Saved data entries
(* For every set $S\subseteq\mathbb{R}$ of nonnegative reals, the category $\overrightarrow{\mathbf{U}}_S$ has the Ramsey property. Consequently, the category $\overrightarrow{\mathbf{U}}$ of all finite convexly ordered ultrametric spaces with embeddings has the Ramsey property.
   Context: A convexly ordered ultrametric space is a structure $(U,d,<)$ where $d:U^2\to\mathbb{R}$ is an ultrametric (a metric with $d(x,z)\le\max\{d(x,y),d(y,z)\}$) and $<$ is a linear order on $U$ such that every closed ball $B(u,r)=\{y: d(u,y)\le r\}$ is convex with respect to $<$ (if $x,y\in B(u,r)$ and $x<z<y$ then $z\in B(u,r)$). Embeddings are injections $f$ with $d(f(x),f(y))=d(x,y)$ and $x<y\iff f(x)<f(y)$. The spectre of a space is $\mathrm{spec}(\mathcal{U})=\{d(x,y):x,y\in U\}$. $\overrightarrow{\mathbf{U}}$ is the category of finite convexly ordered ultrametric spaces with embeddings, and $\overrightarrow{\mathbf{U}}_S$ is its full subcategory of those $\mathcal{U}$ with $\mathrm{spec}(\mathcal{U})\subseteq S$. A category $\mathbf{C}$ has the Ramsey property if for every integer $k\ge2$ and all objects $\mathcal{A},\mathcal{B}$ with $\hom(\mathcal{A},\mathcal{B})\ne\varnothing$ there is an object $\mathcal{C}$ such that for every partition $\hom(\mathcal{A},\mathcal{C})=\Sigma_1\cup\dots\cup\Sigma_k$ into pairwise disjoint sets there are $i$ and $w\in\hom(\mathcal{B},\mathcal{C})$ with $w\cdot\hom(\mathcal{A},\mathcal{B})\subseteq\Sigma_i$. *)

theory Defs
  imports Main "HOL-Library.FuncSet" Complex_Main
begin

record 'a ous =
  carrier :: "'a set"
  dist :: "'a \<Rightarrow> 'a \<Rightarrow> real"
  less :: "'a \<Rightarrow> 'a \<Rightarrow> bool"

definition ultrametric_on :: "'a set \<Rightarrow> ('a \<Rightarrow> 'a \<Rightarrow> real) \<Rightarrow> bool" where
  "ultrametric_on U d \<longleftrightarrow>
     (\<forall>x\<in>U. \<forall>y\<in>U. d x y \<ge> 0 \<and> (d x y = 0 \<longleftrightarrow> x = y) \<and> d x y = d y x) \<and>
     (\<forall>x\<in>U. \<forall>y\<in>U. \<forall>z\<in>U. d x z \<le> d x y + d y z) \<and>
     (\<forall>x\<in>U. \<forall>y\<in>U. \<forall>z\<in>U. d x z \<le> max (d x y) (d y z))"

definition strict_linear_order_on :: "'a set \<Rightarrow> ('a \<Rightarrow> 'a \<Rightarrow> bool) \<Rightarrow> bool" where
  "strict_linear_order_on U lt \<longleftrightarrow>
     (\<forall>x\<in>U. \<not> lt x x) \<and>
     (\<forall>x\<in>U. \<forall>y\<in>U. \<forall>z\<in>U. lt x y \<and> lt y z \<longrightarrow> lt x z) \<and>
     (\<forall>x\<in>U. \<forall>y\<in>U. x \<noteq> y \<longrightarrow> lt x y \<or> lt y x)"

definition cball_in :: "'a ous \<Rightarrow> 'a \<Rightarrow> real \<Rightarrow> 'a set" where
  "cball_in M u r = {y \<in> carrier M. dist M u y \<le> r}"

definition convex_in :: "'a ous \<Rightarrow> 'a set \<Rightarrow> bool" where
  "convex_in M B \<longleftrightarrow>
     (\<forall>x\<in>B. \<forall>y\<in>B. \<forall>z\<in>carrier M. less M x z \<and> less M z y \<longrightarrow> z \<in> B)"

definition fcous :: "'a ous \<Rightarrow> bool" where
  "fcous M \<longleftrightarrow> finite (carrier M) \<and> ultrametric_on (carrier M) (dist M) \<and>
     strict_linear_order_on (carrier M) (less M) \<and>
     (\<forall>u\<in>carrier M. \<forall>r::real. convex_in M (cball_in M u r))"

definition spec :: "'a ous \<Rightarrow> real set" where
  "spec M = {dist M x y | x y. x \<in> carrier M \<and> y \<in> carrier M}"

Task requirements:
Reprint exactly the lines above that start at the one with "(dist M) \<and>" and end at the one with "ous \<Rightarrow> real", keeping both and adding none.

Exercise solution:
  "fcous M \<longleftrightarrow> finite (carrier M) \<and> ultrametric_on (carrier M) (dist M) \<and>
     strict_linear_order_on (carrier M) (less M) \<and>
     (\<forall>u\<in>carrier M. \<forall>r::real. convex_in M (cball_in M u r))"

definition spec :: "'a ous \<Rightarrow> real set" where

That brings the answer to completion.